* GOAL OF THE EXERCISE
For the entries below, repeat exactly each line starting with the one that contains "proof (induction m)" and going on through the one that contains "using f closing_edge_in_Gk[OF", and no others.

* ENTRIES SUPPLIED

lemma Gk_not_colorable:
  assumes "k \<ge> 1"
  shows "\<not> colorable (Gk k)"
proof
  assume "colorable (Gk k)"
  then obtain f where "proper_coloring (Gk k) f"
    unfolding colorable_def ..
  moreover have "\<forall>e\<in>snd (Gk k). card e = 3"
    using card_Gk_edge[OF assms] by blast
  ultimately have f: "\<forall>e\<in>snd (Gk k). card (f ` e) = 2"
    by (simp add: proper_coloring_iff_bichromatic)
  have rows: "card (f ` row_edge q) = 2" if "q \<in> {1..2*k}" for q
    using f row_edge_in_Gk[OF that] by blast
  have links: "links_bichromatic f q" if "q \<in> {1..2*k}" for q
    unfolding links_bichromatic_def using f link_edge_in_Gk[OF that] by blast
  have odd_rows: "f (2*m+1, j) = f (1, j)" if "2*m+1 \<le> 2*k-1" "j \<in> {1..3}" for m j
    using that(1)
  proof (induction m)
    case 0
    then show ?case by simp
  next
    case (Suc m)
    let ?q = "2*m+1"
    have "f (Suc (Suc ?q), j) = f (?q, j)"
      using Suc.prems by (intro rows_period_two rows links that(2)) auto
    then show ?case
      using Suc by simp
  qed
  define q where "q = 2*k-1"
  have q: "q \<in> {1..2*k}" "Suc q \<in> {1..2*k}" "Suc (Suc q) = 2*k+1" "2*(k-1)+1 = q"
    using assms unfolding q_def by auto
  have "f (q, j) = f (1, j)" if "j \<in> {1..3}" for j
    using odd_rows[of "k-1" j] that unfolding q(4) q_def by simp
  moreover have "card (f ` closing_edge (2*k+1) j) = 2" if "j \<in> {1..3}" for j
    using f closing_edge_in_Gk[OF that] by blast
  ultimately have "\<forall>j\<in>{1..3}. card {f (q, j), f (Suc (Suc q), j), f (Suc (Suc q), idx3 (j+1))} = 2"
    unfolding q(3) image_closing_edge by simp
  then show False
    using closing_edges_not_all_bichromatic rows links q(1,2) by blast
qed

lemma colorable_Gk_minus_edgeI:
  fixes f :: "nat \<times> nat \<Rightarrow> nat"
  assumes "k \<ge> 1"
    and "\<And>i. i \<in> {1..2*k} \<Longrightarrow> row_edge i \<noteq> e \<Longrightarrow> card (f ` row_edge i) = 2"
    and "\<And>q j t. q \<in> {1..2*k} \<Longrightarrow> j \<in> {1..3} \<Longrightarrow> t \<in> {1,2} \<Longrightarrow> link_edge q j t \<noteq> e
           \<Longrightarrow> card (f ` link_edge q j t) = 2"
    and "\<And>j. j \<in> {1..3} \<Longrightarrow> closing_edge (2*k+1) j \<noteq> e
           \<Longrightarrow> card (f ` closing_edge (2*k+1) j) = 2"
  shows "colorable (fst (Gk k), snd (Gk k) - {e})"
proof -
  have "card (f ` e') = 2" if "e' \<in> snd (Gk k)" "e' \<noteq> e" for e'
    using that(1) by (cases rule: Gk_edgeE) (use assms(2-4) that(2) in auto)
  moreover have "card e' = 3" if "e' \<in> snd (Gk k)" for e'
    using card_Gk_edge[OF assms(1) that] .
  ultimately have "proper_coloring (fst (Gk k), snd (Gk k) - {e}) f"
    by (simp add: proper_coloring_iff_bichromatic)
  then show ?thesis
    unfolding colorable_def by blast
qed

(* By link_changes_colour, consecutive bichromatic rows joined by bichromatic links always
   look like this. *)
definition alternating_rows :: "nat \<Rightarrow> 'c \<Rightarrow> 'c \<Rightarrow> nat \<times> nat \<Rightarrow> 'c" where
  "alternating_rows p a b = (\<lambda>(l, j). if (j = p) = odd l then b else a)"

lemma colorable_Gk_minus_closing_edge:
  assumes "k \<ge> 1" "j0 \<in> {1..3}"
  shows "colorable (fst (Gk k), snd (Gk k) - {closing_edge (2*k+1) j0})"
proof (rule colorable_Gk_minus_edgeI[where f = "alternating_rows (idx3 (j0+2)) (0::nat) 1"])
  have j0: "j0 = 1 \<or> j0 = 2 \<or> j0 = 3"
    using assms(2) by auto
  show "card (alternating_rows (idx3 (j0+2)) (0::nat) 1 ` row_edge i) = 2" for i
    using j0 unfolding image_row_edge card_triple_eq_2_iff
    by (elim disjE) (simp_all add: alternating_rows_def)
  show "card (alternating_rows (idx3 (j0+2)) (0::nat) 1 ` link_edge q j t) = 2"
    if "j \<in> {1..3}" "t \<in> {1,2}" for q j t
  proof -
    have "j = 1 \<or> j = 2 \<or> j = 3" "t = 1 \<or> t = 2"
      using that by auto
    then show ?thesis
      using j0 unfolding image_link_edge card_triple_eq_2_iff
      by (elim disjE) (simp_all add: alternating_rows_def)
  qed
  show "card (alternating_rows (idx3 (j0+2)) (0::nat) 1 ` closing_edge (2*k+1) j) = 2"
    if "j \<in> {1..3}" "closing_edge (2*k+1) j \<noteq> closing_edge (2*k+1) j0" for j
  proof -
    have "j = 1 \<or> j = 2 \<or> j = 3" "j \<noteq> j0"
      using that by auto
    then show ?thesis
      using j0 unfolding image_closing_edge card_triple_eq_2_iff
      by (elim disjE) (simp_all add: alternating_rows_def)
  qed
qed (rule assms(1))

(* Row i is monochromatic; below it a third colour 2 alternates with the colour not used on
   row i, and row 2k+1 gets colour 2 so that every closing edge sees 2 and a colour of row 1. *)
definition coloring_minus_row_edge :: "nat \<Rightarrow> nat \<Rightarrow> nat \<times> nat \<Rightarrow> nat" where
  "coloring_minus_row_edge n i = (\<lambda>(l, j).
     if l < i then alternating_rows 3 0 1 (l, j)
     else if l = i then (if odd i then 0 else 1)
     else if l < n then alternating_rows 3 2 (if odd i then 1 else 0) (l, j)
     else 2)"

lemma colorable_Gk_minus_row_edge:
  assumes "k \<ge> 1" "i \<in> {1..2*k}"
  shows "colorable (fst (Gk k), snd (Gk k) - {row_edge i})"
proof (rule colorable_Gk_minus_edgeI[where f = "coloring_minus_row_edge (2*k+1) i"])
  have i_bounds: "1 \<le> i" "i \<le> 2*k"
    using assms(2) by simp_all
  show "card (coloring_minus_row_edge (2*k+1) i ` row_edge l) = 2"
    if "l \<in> {1..2*k}" "row_edge l \<noteq> row_edge i" for l
    using that unfolding image_row_edge card_triple_eq_2_iff
    by (auto simp: coloring_minus_row_edge_def alternating_rows_def)
  show "card (coloring_minus_row_edge (2*k+1) i ` link_edge q j t) = 2"
    if "q \<in> {1..2*k}" "j \<in> {1..3}" "t \<in> {1,2}" for q j t
  proof -
    have "j = 1 \<or> j = 2 \<or> j = 3" "t = 1 \<or> t = 2"
      using that by auto
    then show ?thesis
      using that(1) assms(2) unfolding image_link_edge card_triple_eq_2_iff
      by (elim disjE; auto simp: coloring_minus_row_edge_def alternating_rows_def;
          use i_bounds in presburger)
  qed
  show "card (coloring_minus_row_edge (2*k+1) i ` closing_edge (2*k+1) j) = 2"
    if "j \<in> {1..3}" for j
  proof -
    have "j = 1 \<or> j = 2 \<or> j = 3"
      using that by auto
    then show ?thesis
      using assms unfolding image_closing_edge card_triple_eq_2_iff
      by (elim disjE) (auto simp: coloring_minus_row_edge_def alternating_rows_def)
  qed
qed (rule assms(1))

(* Below the deleted link the alternating pattern restarts: with a shifted odd position if
   t0 = 2, with a third colour if t0 = 1. *)
definition coloring_minus_link_edge :: "nat \<Rightarrow> nat \<Rightarrow> nat \<Rightarrow> nat \<Rightarrow> nat \<times> nat \<Rightarrow> nat" where
  "coloring_minus_link_edge n q0 j0 t0 = (\<lambda>(l, j).
     if l \<le> q0 then alternating_rows (idx3 (j0+1)) 0 1 (l, j)
     else if t0 = 2 then alternating_rows (idx3 (j0+2)) 1 0 (l, j)
     else if even q0 then alternating_rows j0 0 2 (l, j)
     else if l < n then alternating_rows j0 2 1 (l, j)
     else 2)"

lemma colorable_Gk_minus_link_edge:
  assumes "k \<ge> 1" "q0 \<in> {1..2*k}" "j0 \<in> {1..3}" "t0 \<in> {1,2}"
  shows "colorable (fst (Gk k), snd (Gk k) - {link_edge q0 j0 t0})"
proof (rule colorable_Gk_minus_edgeI[where f = "coloring_minus_link_edge (2*k+1) q0 j0 t0"])
  have q0_bounds: "1 \<le> q0" "q0 \<le> 2*k"
    using assms(2) by simp_all
  have j0: "j0 = 1 \<or> j0 = 2 \<or> j0 = 3" and t0: "t0 = 1 \<or> t0 = 2"
    using assms(3,4) by auto
  show "card (coloring_minus_link_edge (2*k+1) q0 j0 t0 ` row_edge l) = 2"
    if "l \<in> {1..2*k}" for l
    using that j0 t0 unfolding image_row_edge card_triple_eq_2_iff
    by (elim disjE) (auto simp: coloring_minus_link_edge_def alternating_rows_def)
  show "card (coloring_minus_link_edge (2*k+1) q0 j0 t0 ` link_edge q j t) = 2"
    if "q \<in> {1..2*k}" "j \<in> {1..3}" "t \<in> {1,2}" "link_edge q j t \<noteq> link_edge q0 j0 t0"
    for q j t
  proof -
    have "j = 1 \<or> j = 2 \<or> j = 3" "t = 1 \<or> t = 2" "(q, j, t) \<noteq> (q0, j0, t0)"
      using that by auto
    then show ?thesis
      using that(1) j0 t0 unfolding image_link_edge card_triple_eq_2_iff
      by (elim disjE; auto simp: coloring_minus_link_edge_def alternating_rows_def;
          use q0_bounds in presburger)
  qed
  show "card (coloring_minus_link_edge (2*k+1) q0 j0 t0 ` closing_edge (2*k+1) j) = 2"
    if "j \<in> {1..3}" for j
  proof -
    have "j = 1 \<or> j = 2 \<or> j = 3"
      using that by auto
    then show ?thesis
      using j0 t0 q0_bounds unfolding image_closing_edge card_triple_eq_2_iff
      by (elim disjE) (auto simp: coloring_minus_link_edge_def alternating_rows_def)
  qed
qed (rule assms(1))

lemma colorable_Gk_minus_edge:
  assumes "k \<ge> 1" "e \<in> snd (Gk k)"
  shows "colorable (fst (Gk k), snd (Gk k) - {e})"
  using assms(2)
proof (cases rule: Gk_edgeE)
  case (row i)
  then show ?thesis
    using colorable_Gk_minus_row_edge[OF assms(1)] by simp
next
  case (link q j t)
  then show ?thesis
    using colorable_Gk_minus_link_edge[OF assms(1)] by simp
next
  case (closing j)
  then show ?thesis
    using colorable_Gk_minus_closing_edge[OF assms(1)] by simp
qed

* WRITTEN ANSWER
  proof (induction m)
    case 0
    then show ?case by simp
  next
    case (Suc m)
    let ?q = "2*m+1"
    have "f (Suc (Suc ?q), j) = f (?q, j)"
      using Suc.prems by (intro rows_period_two rows links that(2)) auto
    then show ?case
      using Suc by simp
  qed
  define q where "q = 2*k-1"
  have q: "q \<in> {1..2*k}" "Suc q \<in> {1..2*k}" "Suc (Suc q) = 2*k+1" "2*(k-1)+1 = q"
    using assms unfolding q_def by auto
  have "f (q, j) = f (1, j)" if "j \<in> {1..3}" for j
    using odd_rows[of "k-1" j] that unfolding q(4) q_def by simp
  moreover have "card (f ` closing_edge (2*k+1) j) = 2" if "j \<in> {1..3}" for j
    using f closing_edge_in_Gk[OF that] by blast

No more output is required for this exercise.